Data excerpts
(* Let $n,m\ge 1$, let $\boldsymbol{W}=(w_{ij})\in\mathbb{R}^{n\times n}$ be a symmetric matrix with non-negative entries, let $\boldsymbol{S}=(s_{kr})\in[0,1]^{m\times m}$ be symmetric with $s_{kk}=0$ for all $k$, let $\boldsymbol{\gamma}=(\gamma_1,\dots,\gamma_m)\in\mathbb{R}^m$, $\boldsymbol{\rho}=(\rho_1,\dots,\rho_m)\in[\frac{\pi}{4},\frac{\pi}{2})^m$ and $\alpha\in\mathbb{R}$. Consider the HoMTask Hopfield network $\mathcal{H}=\langle \boldsymbol{W},\boldsymbol{\gamma},\boldsymbol{\rho},\boldsymbol{S}\rangle$ whose states are matrices $\boldsymbol{X}=(x_{ik})$, $1\le i\le n$, $1\le k\le m$, with $x_{ik}\in\{\sin\rho_k,-\cos\rho_k\}$, with energy $$E_{\mathcal{H}}(\boldsymbol{X})=\sum_{k=1}^m\Big(-\tfrac12 {\boldsymbol{x}^{(k)}}^T\boldsymbol{W}\boldsymbol{x}^{(k)}+\gamma_k\sum_{i=1}^n x_{ik}+\tfrac{\alpha}{2}\Big(S_k\sum_{i=1}^n x_{ik}^2-\sum_{r\ne k}s_{kr}\sum_{i=1}^n x_{ik}x_{ir}\Big)\Big),$$ where $\boldsymbol{x}^{(k)}$ is the $k$-th column of $\boldsymbol{X}$ and $S_k=\sum_{r=1}^m s_{kr}$. Under the asynchronous dynamics in which, at each time step, a single neuron $(i,k)$ is updated by $$x_{ik}(t+1)=\begin{cases}\sin\rho_k & \text{if } \phi_{ik}(t)>0,\\ -\cos\rho_k & \text{if } \phi_{ik}(t)\le 0,\end{cases}\qquad \phi_{ik}(t)=\sum_{j=1}^n w_{ij}x_{jk}(t)-\theta_{ik}+\alpha\sum_{r\ne k}s_{kr}x_{ir}(t),$$ with $\theta_{ik}=\gamma_k+\frac{\alpha S_k}{2}(\sin\rho_k-\cos\rho_k)$ (all other neurons unchanged, and all $nm$ neurons updated in random order in each block of $nm$ consecutive steps), the network, starting from any initial state, eventually reaches a stable state (a state that no further neuron update changes), and this stable state is a local minimum of $E_{\mathcal{H}}$.
   Context: A HoMTask network consists of $m$ copies (one per task $k$) of a Hopfield network on the same $n$ neurons with weights $\boldsymbol{W}$; copy $k$ has neuron activation values $\{\sin\rho_k,-\cos\rho_k\}$ and activation threshold $\gamma_k$, and neuron $i$ of copy $k$ is additionally coupled to neuron $i$ of copy $r$ with weight proportional to $\alpha s_{kr}$. Each update does not increase the energy, where a local minimum is understood as a state from which no single-neuron update (by the rule above) decreases the energy. *)

theory Defs
  imports Complex_Main
begin

text \<open>HoMTask Hopfield network. Indices are 0-based: neurons i < n, tasks k < m.
  A state is X :: nat \<Rightarrow> nat \<Rightarrow> real, X i k = x_ik.\<close>

definition Ssum :: "nat \<Rightarrow> (nat \<Rightarrow> nat \<Rightarrow> real) \<Rightarrow> nat \<Rightarrow> real" where
  "Ssum m S k = (\<Sum>r<m. S k r)"

definition hm_state :: "nat \<Rightarrow> nat \<Rightarrow> (nat \<Rightarrow> real) \<Rightarrow> (nat \<Rightarrow> nat \<Rightarrow> real) \<Rightarrow> bool" where
  "hm_state n m \<rho> X \<longleftrightarrow> (\<forall>i<n. \<forall>k<m. X i k = sin (\<rho> k) \<or> X i k = - cos (\<rho> k))"

definition hm_energy ::
  "nat \<Rightarrow> nat \<Rightarrow> (nat \<Rightarrow> nat \<Rightarrow> real) \<Rightarrow> (nat \<Rightarrow> real) \<Rightarrow> (nat \<Rightarrow> nat \<Rightarrow> real) \<Rightarrow> real
   \<Rightarrow> (nat \<Rightarrow> nat \<Rightarrow> real) \<Rightarrow> real" where
  "hm_energy n m W \<gamma> S \<alpha> X =
     (\<Sum>k<m. - (1/2) * (\<Sum>i<n. \<Sum>j<n. X i k * W i j * X j k)
            + \<gamma> k * (\<Sum>i<n. X i k)
            + (\<alpha> / 2) * (Ssum m S k * (\<Sum>i<n. (X i k)^2)
                        - (\<Sum>r\<in>{..<m} - {k}. S k r * (\<Sum>i<n. X i k * X i r))))"

definition hm_theta ::
  "nat \<Rightarrow> (nat \<Rightarrow> real) \<Rightarrow> (nat \<Rightarrow> real) \<Rightarrow> (nat \<Rightarrow> nat \<Rightarrow> real) \<Rightarrow> real \<Rightarrow> nat \<Rightarrow> real" where
  "hm_theta m \<gamma> \<rho> S \<alpha> k = \<gamma> k + \<alpha> * Ssum m S k / 2 * (sin (\<rho> k) - cos (\<rho> k))"

definition hm_phi ::
  "nat \<Rightarrow> nat \<Rightarrow> (nat \<Rightarrow> nat \<Rightarrow> real) \<Rightarrow> (nat \<Rightarrow> real) \<Rightarrow> (nat \<Rightarrow> real) \<Rightarrow> (nat \<Rightarrow> nat \<Rightarrow> real)
   \<Rightarrow> real \<Rightarrow> (nat \<Rightarrow> nat \<Rightarrow> real) \<Rightarrow> nat \<Rightarrow> nat \<Rightarrow> real" where
  "hm_phi n m W \<gamma> \<rho> S \<alpha> X i k =
     (\<Sum>j<n. W i j * X j k) - hm_theta m \<gamma> \<rho> S \<alpha> k
     + \<alpha> * (\<Sum>r\<in>{..<m} - {k}. S k r * X i r)"

definition hm_update ::
  "nat \<Rightarrow> nat \<Rightarrow> (nat \<Rightarrow> nat \<Rightarrow> real) \<Rightarrow> (nat \<Rightarrow> real) \<Rightarrow> (nat \<Rightarrow> real) \<Rightarrow> (nat \<Rightarrow> nat \<Rightarrow> real)
   \<Rightarrow> real \<Rightarrow> (nat \<Rightarrow> nat \<Rightarrow> real) \<Rightarrow> nat \<Rightarrow> nat \<Rightarrow> (nat \<Rightarrow> nat \<Rightarrow> real)" where
  "hm_update n m W \<gamma> \<rho> S \<alpha> X i k =
     (\<lambda>i' k'. if i' = i \<and> k' = k then
                 (if hm_phi n m W \<gamma> \<rho> S \<alpha> X i k > 0 then sin (\<rho> k) else - cos (\<rho> k))
               else X i' k')"

primrec hm_traj ::
  "nat \<Rightarrow> nat \<Rightarrow> (nat \<Rightarrow> nat \<Rightarrow> real) \<Rightarrow> (nat \<Rightarrow> real) \<Rightarrow> (nat \<Rightarrow> real) \<Rightarrow> (nat \<Rightarrow> nat \<Rightarrow> real)
   \<Rightarrow> real \<Rightarrow> (nat \<Rightarrow> nat \<times> nat) \<Rightarrow> (nat \<Rightarrow> nat \<Rightarrow> real) \<Rightarrow> nat \<Rightarrow> (nat \<Rightarrow> nat \<Rightarrow> real)" where
  "hm_traj n m W \<gamma> \<rho> S \<alpha> \<sigma> X0 0 = X0"
| "hm_traj n m W \<gamma> \<rho> S \<alpha> \<sigma> X0 (Suc t) =
     hm_update n m W \<gamma> \<rho> S \<alpha> (hm_traj n m W \<gamma> \<rho> S \<alpha> \<sigma> X0 t) (fst (\<sigma> t)) (snd (\<sigma> t))"

definition hm_schedule :: "nat \<Rightarrow> nat \<Rightarrow> (nat \<Rightarrow> nat \<times> nat) \<Rightarrow> bool" where
  "hm_schedule n m \<sigma> \<longleftrightarrow>
     (\<forall>b. bij_betw (\<lambda>t. \<sigma> (b * (n * m) + t)) {..<n * m} ({..<n} \<times> {..<m}))"

definition hm_stable ::
  "nat \<Rightarrow> nat \<Rightarrow> (nat \<Rightarrow> nat \<Rightarrow> real) \<Rightarrow> (nat \<Rightarrow> real) \<Rightarrow> (nat \<Rightarrow> real) \<Rightarrow> (nat \<Rightarrow> nat \<Rightarrow> real)
   \<Rightarrow> real \<Rightarrow> (nat \<Rightarrow> nat \<Rightarrow> real) \<Rightarrow> bool" where
  "hm_stable n m W \<gamma> \<rho> S \<alpha> X \<longleftrightarrow>
     (\<forall>i<n. \<forall>k<m. hm_update n m W \<gamma> \<rho> S \<alpha> X i k = X)"

definition hm_local_min ::
  "nat \<Rightarrow> nat \<Rightarrow> (nat \<Rightarrow> nat \<Rightarrow> real) \<Rightarrow> (nat \<Rightarrow> real) \<Rightarrow> (nat \<Rightarrow> real) \<Rightarrow> (nat \<Rightarrow> nat \<Rightarrow> real)
   \<Rightarrow> real \<Rightarrow> (nat \<Rightarrow> nat \<Rightarrow> real) \<Rightarrow> bool" where
  "hm_local_min n m W \<gamma> \<rho> S \<alpha> X \<longleftrightarrow>
     (\<forall>i<n. \<forall>k<m. \<not> hm_energy n m W \<gamma> S \<alpha> (hm_update n m W \<gamma> \<rho> S \<alpha> X i k)
                      < hm_energy n m W \<gamma> S \<alpha> X)"

end

theory Submission
  imports Defs "HOL-Library.Product_Lexorder" "HOL-Library.Equipollence"
begin

text \<open>Changing the single entry \<open>x\<^sub>i\<^sub>k\<close> by \<open>d\<close> changes the energy by
  \<open>-d \<phi>\<^sub>i\<^sub>k - w\<^sub>i\<^sub>i d\<^sup>2/2\<close>: the symmetry of \<open>W\<close> and \<open>S\<close> doubles the linear terms, and the
  quadratic self-coupling term is absorbed by the threshold \<open>\<theta>\<^sub>i\<^sub>k\<close>, because an entry that
  actually changes moves between the two levels, whose sum is \<open>sin \<rho>\<^sub>k - cos \<rho>\<^sub>k\<close>.
  The update rule makes \<open>d\<close> and \<open>\<phi>\<^sub>i\<^sub>k\<close> of the same sign, so the energy never increases,
  and strictly decreases unless the neuron falls from \<open>sin \<rho>\<^sub>k\<close> to \<open>-cos \<rho>\<^sub>k\<close>, which lowers
  the total activation. Hence every effective update strictly lowers the pair (energy, total
  activation) lexicographically; as the states reachable from \<open>X\<^sub>0\<close> are finitely many, the
  trajectory becomes constant, and a state left unchanged by a full block of the schedule,
  which updates every neuron, is stable.\<close>

definition bump :: "(nat \<Rightarrow> nat \<Rightarrow> real) \<Rightarrow> nat \<Rightarrow> nat \<Rightarrow> real \<Rightarrow> nat \<Rightarrow> nat \<Rightarrow> real" where
  "bump X i k d = (\<lambda>i' k'. X i' k' + (if k' = k \<and> i' = i then d else 0))"

lemma sum_if_eq_if_sum:
  "(\<Sum>j\<in>A. if P then f j else 0) = (if P then sum f A else (0::'a::comm_monoid_add))"
  by simp

lemma sum_grid_delta:
  fixes n m :: nat
  assumes "i < n" and "k < m"
  shows "(\<Sum>k'<m. g k' * (\<Sum>i'<n. if k' = k \<and> i' = i then c else 0)) = g k * (c::real)"
proof -
  have "(\<Sum>i'<n. if k' = k \<and> i' = i then c else 0) = (if k' = k then c else 0)" for k'
    using assms by (cases "k' = k") (simp_all add: sum.delta)
  then show ?thesis
    using assms by (simp add: if_distrib[of "\<lambda>x. _ * x"] cong: if_cong)
qed

lemma sum_entrywise_bump:
  fixes F :: "nat \<Rightarrow> nat \<Rightarrow> real \<Rightarrow> real"
  assumes "i < n" and "k < m"
  shows "(\<Sum>k'<m. g k' * (\<Sum>i'<n. F i' k' (bump X i k d i' k')))
       = (\<Sum>k'<m. g k' * (\<Sum>i'<n. F i' k' (X i' k'))) + g k * (F i k (X i k + d) - F i k (X i k))"
proof -
  have "F i' k' (bump X i k d i' k') = F i' k' (X i' k')
          + (if k' = k \<and> i' = i then F i k (X i k + d) - F i k (X i k) else 0)" for i' k'
    by (auto simp: bump_def)
  then show ?thesis
    using sum_grid_delta[OF assms] by (simp add: sum.distrib distrib_left)
qed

_Assigned task_
Please determine how many lines in the entries contain the word "every" and reply with that figure alone.

_Your solution_
2